Yoga is the journey of the self, through the self, to the self. – The Bhagavad Gita
It was Liberation Day in Holland when I called my manager I would not come back to work for a while. Now almost a year ago I think that it was my own liberation day as well.
I recovered from my burn out with the same perseverance I got into it. Psychotherapy, all sorts of alternative therapy, keeping a diary, walking 10k barefoot and completely switching off from the online world where a few things I did on a daily basis. Which resulted in the fact that I was fully back at work after five months, including reintegration. Way to soon, but the fact that we had a plan to go away for six months was that magic tangerine spot on the horizon that kept me going.

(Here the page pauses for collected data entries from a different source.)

(* Let $k\ge3$ and let $p_1<\dots<p_k$ be odd primes. Then $$C_{p_1\cdots p_k}\le p_1\cdots p_{k-2}\cdot A_{p_1\cdots p_{k-1}}\cdot C_{p_1\cdots p_{k-1}},$$ and consequently $\epsilon_k^{inv}\le\epsilon_2\epsilon_3\cdots\epsilon_{k-1}$.
   Context: $\Phi_n$ is the $n$-th cyclotomic polynomial, $A_n$ the maximum absolute value of its coefficients; $\Psi_n(x)=1/\Phi_n(x)=\sum_{m\ge0}c_n(m)x^m$ as a formal power series and $C_n=\max_m|c_n(m)|$. For odd primes $p_1<\dots<p_k$, $M_k=\prod_{i=1}^{k-2}p_i^{2^{k-i-1}-1}$; $\epsilon_k$ (resp. $\epsilon_k^{inv}$) is the smallest positive real with $A_{p_1\cdots p_k}\le\epsilon_kM_k$ (resp. $C_{p_1\cdots p_k}\le\epsilon_k^{inv}M_k$) for all odd primes $p_1<\dots<p_k$. *)

theory Defs
  imports "HOL-Analysis.Analysis" "HOL-Computational_Algebra.Polynomial_FPS"
begin

definition cyclo :: "nat \<Rightarrow> complex poly" where
  "cyclo n = (\<Prod>j\<in>{j\<in>{1..n}. coprime j n}. [:- cis (2 * pi * real j / real n), 1:])"

definition A_cyc :: "nat \<Rightarrow> real" where
  "A_cyc n = Max {norm (coeff (cyclo n) i) | i. i \<le> degree (cyclo n)}"

definition Psi :: "nat \<Rightarrow> complex fps" where
  "Psi n = inverse (fps_of_poly (cyclo n))"

definition C_cyc :: "nat \<Rightarrow> ereal" where
  "C_cyc n = (SUP m. ereal (norm (fps_nth (Psi n) m)))"

definition odd_primes_incr :: "nat \<Rightarrow> (nat \<Rightarrow> nat) \<Rightarrow> bool" where
  "odd_primes_incr k p \<longleftrightarrow> (\<forall>i\<in>{1..k}. prime (p i) \<and> odd (p i)) \<and>
     (\<forall>i j. 1 \<le> i \<longrightarrow> i < j \<longrightarrow> j \<le> k \<longrightarrow> p i < p j)"

definition M_k :: "nat \<Rightarrow> (nat \<Rightarrow> nat) \<Rightarrow> nat" where
  "M_k k p = (\<Prod>i=1..k-2. p i ^ (2 ^ (k - i - 1) - 1))"

text \<open>epsilon_k and epsilon_k^inv: least admissible constants = supremum of the ratios.\<close>
definition eps_A :: "nat \<Rightarrow> ereal" where
  "eps_A k = (SUP p\<in>{p. odd_primes_incr k p}. ereal (A_cyc (\<Prod>i=1..k. p i) / real (M_k k p)))"

definition eps_inv :: "nat \<Rightarrow> ereal" where
  "eps_inv k = (SUP p\<in>{p. odd_primes_incr k p}. C_cyc (\<Prod>i=1..k. p i) / ereal (real (M_k k p)))"

end

theory Submission imports Defs begin

(* The whole argument rests on one identity: for a prime q not dividing m,
   Phi_{mq}(X) Phi_m(X) = Phi_m(X^q), hence 1/Phi_{mq}(X) = Phi_m(X) * (1/Phi_m)(X^q).
   A coefficient of the right-hand side is a sum of products a_i c_m(l) with i <= deg Phi_m and
   i in a fixed residue class mod q, so if deg Phi_m < N q there are at most N such terms and
   C_{mq} <= N A_m C_m.  Taking m = p_1...p_{k-1}, q = p_k and N = p_1...p_{k-2} gives the first
   claim.  Iterating it, starting from C_{p_1 p_2} <= 1 and bounding A_{p_1...p_j} <= eps_j M_j,
   gives C_{p_1...p_k} <= M_k eps_2...eps_{k-1} by the recursion M_{k+1} = p_1...p_{k-1} M_k^2,
   which is the second claim. *)

unbundle no vec_syntax
notation fps_nth (infixl \<open>$\<close> 75)

definition zeta :: "nat \<Rightarrow> nat \<Rightarrow> complex" where
  "zeta N j = cis (2 * pi * real j / real N)"

definition coprime_residues :: "nat \<Rightarrow> nat set" where
  "coprime_residues N = {j\<in>{1..N}. coprime j N}"

lemma finite_coprime_residues [simp]: "finite (coprime_residues N)"
  unfolding coprime_residues_def by simp

lemma cyclo_altdef: "cyclo N = (\<Prod>j\<in>coprime_residues N. [:- zeta N j, 1:])"
  unfolding cyclo_def coprime_residues_def zeta_def ..

lemma degree_linear_prod:
  "finite X \<Longrightarrow> degree (\<Prod>x\<in>X. [:- f x, 1:] :: complex poly) = card X"
  by (subst degree_prod_eq_sum_degree) auto

lemma degree_cyclo_le: "degree (cyclo m) \<le> m"
proof -
  have "card (coprime_residues m) \<le> card {1..m}"
    by (rule card_mono) (auto simp: coprime_residues_def)
  then show ?thesis by (simp add: cyclo_altdef degree_linear_prod)
qed

lemma lead_coeff_cyclo: "lead_coeff (cyclo m) = 1"
  unfolding cyclo_altdef by (simp add: lead_coeff_prod)

lemma coeff_0_cyclo: "coeff (cyclo N) 0 \<noteq> 0"
  unfolding cyclo_altdef poly_0_coeff_0[symmetric] poly_prod by (auto simp: zeta_def)

lemma zeta_inj:
  assumes "q > 0" "s < q" "t < q" "zeta q s = zeta q t" shows "s = t"
  using Complex.bij_betw_roots_unity[OF assms(1)] assms unfolding bij_betw_def inj_on_def zeta_def by auto

lemma zeta_pow: "q > 0 \<Longrightarrow> zeta q t ^ q = 1"
proof -
  assume q: "q > 0"
  have "zeta q t ^ q = cis (real q * (2 * pi * real t / real q))"
    unfolding zeta_def by (rule Complex.DeMoivre)
  also have "\<dots> = cis (2 * pi * real t)" using q by simp
  also have "\<dots> = 1" by (metis cis_multiple_2pi Ints_of_nat of_real_of_nat_eq)
  finally show ?thesis .
qed

lemma zeta_mult:
  assumes "m > 0" "q > 0"
  shows "zeta (m * q) j * zeta q t = zeta (m * q) (j + m * t)"
proof -
  have "2 * pi * real j / real (m * q) + 2 * pi * real t / real q = 2 * pi * real (j + m * t) / real (m * q)"
    using assms by (simp add: field_simps)
  then show ?thesis unfolding zeta_def cis_mult by simp
qed

lemma zeta_pow_q:
  assumes "m > 0" "q > 0"
  shows "zeta (m * q) j ^ q = zeta m j"
proof -
  have e: "real q * (2 * pi * real j / real (m * q)) = 2 * pi * real j / real m"
    using assms by (simp add: field_simps)
  show ?thesis unfolding zeta_def Complex.DeMoivre e ..
qed

lemma zeta_mult_index:
  assumes "m > 0" "q > 0"
  shows "zeta (m * q) (q * v) = zeta m v"
proof -
  have "2 * pi * real (q * v) / real (m * q) = 2 * pi * real v / real m"
    using assms by (simp add: field_simps)
  then show ?thesis unfolding zeta_def by simp
qed

lemma X_pow_minus_pow_factorization:
  fixes a :: complex
  assumes q: "q > 0"
  shows "(\<Prod>t<q. [:- (a * zeta q t), 1:]) = monom 1 q - [:a ^ q:]"
proof (cases "a = 0")
  case True
  then show ?thesis using q by (simp add: monom_altdef)
next
  case False
  let ?P = "\<Prod>t<q. [:- (a * zeta q t), 1:]"
  have deg_P: "degree ?P = q" using degree_linear_prod[of "{..<q}"] by simp
  have inj: "inj_on (\<lambda>t. a * zeta q t) {..<q}"
    using zeta_inj[OF q] False by (auto simp: inj_on_def)
  show ?thesis
  proof (rule poly_eqI_degree_lead_coeff[where n = q and A = "(\<lambda>t. a * zeta q t) ` {..<q}"])
    show "coeff ?P q = coeff (monom 1 q - [:a ^ q:]) q"
      using lead_coeff_prod[of "\<lambda>t. [:- (a * zeta q t), 1:]" "{..<q}"] deg_P q
      by (simp add: coeff_pCons split: nat.split)
    show "q \<le> card ((\<lambda>t. a * zeta q t) ` {..<q})" using card_image[OF inj] by simp
    show "degree ?P \<le> q" using deg_P by simp
    show "degree (monom 1 q - [:a ^ q:]) \<le> q"
      by (rule order.trans[OF degree_diff_le_max]) (auto simp: degree_monom_le)
    fix z assume "z \<in> (\<lambda>t. a * zeta q t) ` {..<q}"
    then obtain t where t: "t < q" "z = a * zeta q t" by auto
    then show "poly ?P z = poly (monom 1 q - [:a ^ q:]) z"
      using zeta_pow[OF q, of t] by (auto simp: poly_prod poly_monom power_mult_distrib)
  qed
qed

lemma coprime_add_mult_nat: "coprime (j + m * t) m \<longleftrightarrow> coprime (j :: nat) m"
  by (smt (verit, ccfv_SIG) coprime_def dvd_add_left_iff dvd_mult mult.commute)

lemma residue_lift_bij:
  assumes m: "m > 0" and q: "q > 0"
  shows "bij_betw (\<lambda>(j, t). j + m * t) (coprime_residues m \<times> {..<q})
           {u\<in>{1..m * q}. coprime u m}"
proof (rule bij_betw_byWitness[where f' = "\<lambda>u. ((u - 1) mod m + 1, (u - 1) div m)"])
  show "\<forall>x\<in>coprime_residues m \<times> {..<q}.
          (\<lambda>u. ((u - 1) mod m + 1, (u - 1) div m)) ((\<lambda>(j, t). j + m * t) x) = x"
  proof
    fix x assume "x \<in> coprime_residues m \<times> {..<q}"
    then obtain j t where x: "x = (j, t)" and "j \<in> coprime_residues m" by blast
    then have j: "j - 1 < m" "1 \<le> j" by (auto simp: coprime_residues_def)
    have e: "j + m * t - 1 = (j - 1) + m * t" using j by simp
    have "((j - 1) + m * t) mod m = j - 1" "((j - 1) + m * t) div m = t"
      using j(1) by simp_all
    then show "(\<lambda>u. ((u - 1) mod m + 1, (u - 1) div m)) ((\<lambda>(j, t). j + m * t) x) = x"
      using j e x by simp
  qed
  show "\<forall>u\<in>{u\<in>{1..m * q}. coprime u m}.
          (\<lambda>(j, t). j + m * t) ((\<lambda>u. ((u - 1) mod m + 1, (u - 1) div m)) u) = u"
    by auto
  show "(\<lambda>(j, t). j + m * t) ` (coprime_residues m \<times> {..<q}) \<subseteq> {u\<in>{1..m * q}. coprime u m}"
  proof safe
    fix j t assume j: "j \<in> coprime_residues m" and t: "t < q"
    have "j + m * t \<le> m + m * (q - 1)"
      using j t by (intro add_mono) (auto simp: coprime_residues_def)
    also have "\<dots> = m * q" using q by (simp add: algebra_simps)
    finally show "j + m * t \<in> {1..m * q}" "coprime (j + m * t) m"
      using j by (auto simp: coprime_residues_def coprime_add_mult_nat)
  qed
  show "(\<lambda>u. ((u - 1) mod m + 1, (u - 1) div m)) ` {u\<in>{1..m * q}. coprime u m}
          \<subseteq> coprime_residues m \<times> {..<q}"
  proof safe
    fix u assume u: "u \<in> {1..m * q}" "coprime u m"
    have "u = ((u - 1) mod m + 1) + m * ((u - 1) div m)" using u by simp
    then have "coprime ((u - 1) mod m + 1) m" using u(2) coprime_add_mult_nat by metis
    then show "((u - 1) mod m + 1) \<in> coprime_residues m"
      using m by (simp add: coprime_residues_def Suc_le_eq)
    have "u - 1 < q * m" using u by (auto simp: mult.commute)
    then show "(u - 1) div m < q" using m by (simp add: div_less_iff_less_mult)
  qed
qed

The day before we left we still had to transfer our work, apartment and stuff so we arrived in Goa pretty stressed up. We booked our hotel a night too late we realized when there was nobody to open the door for us. Fully packed and jet-lagged we joined a few homeless sitting on the couch outside in the middle of the night. It was a pretty rough landing. And it took us almost half of the course to catch up with the new yogic routine from 06:00 a.m until 08:00 p.m six days a week with 38 degrees. We both suffered from the famous Delhi Belly in the first week and spent more hours lying down in the bathroom then the bedroom.
Outside your comfort zone
But after two weeks a lot of things already changed. I stepped back from the 300 hours teacher training, where peacock and handstand were the norm and joined Thijs in the other group. It felt good to be reunited again. I went through a lot in that first two weeks. My body was completely upset. I was not able to digest my food and my mind and belly kept me busy all night. I was extremely tired during the day and during the long Ayurveda workshops I felt a few times asleep with my eyes wide open. And the most important thing, I was so insecure again about my physical and mental abilities that I had a major backslide.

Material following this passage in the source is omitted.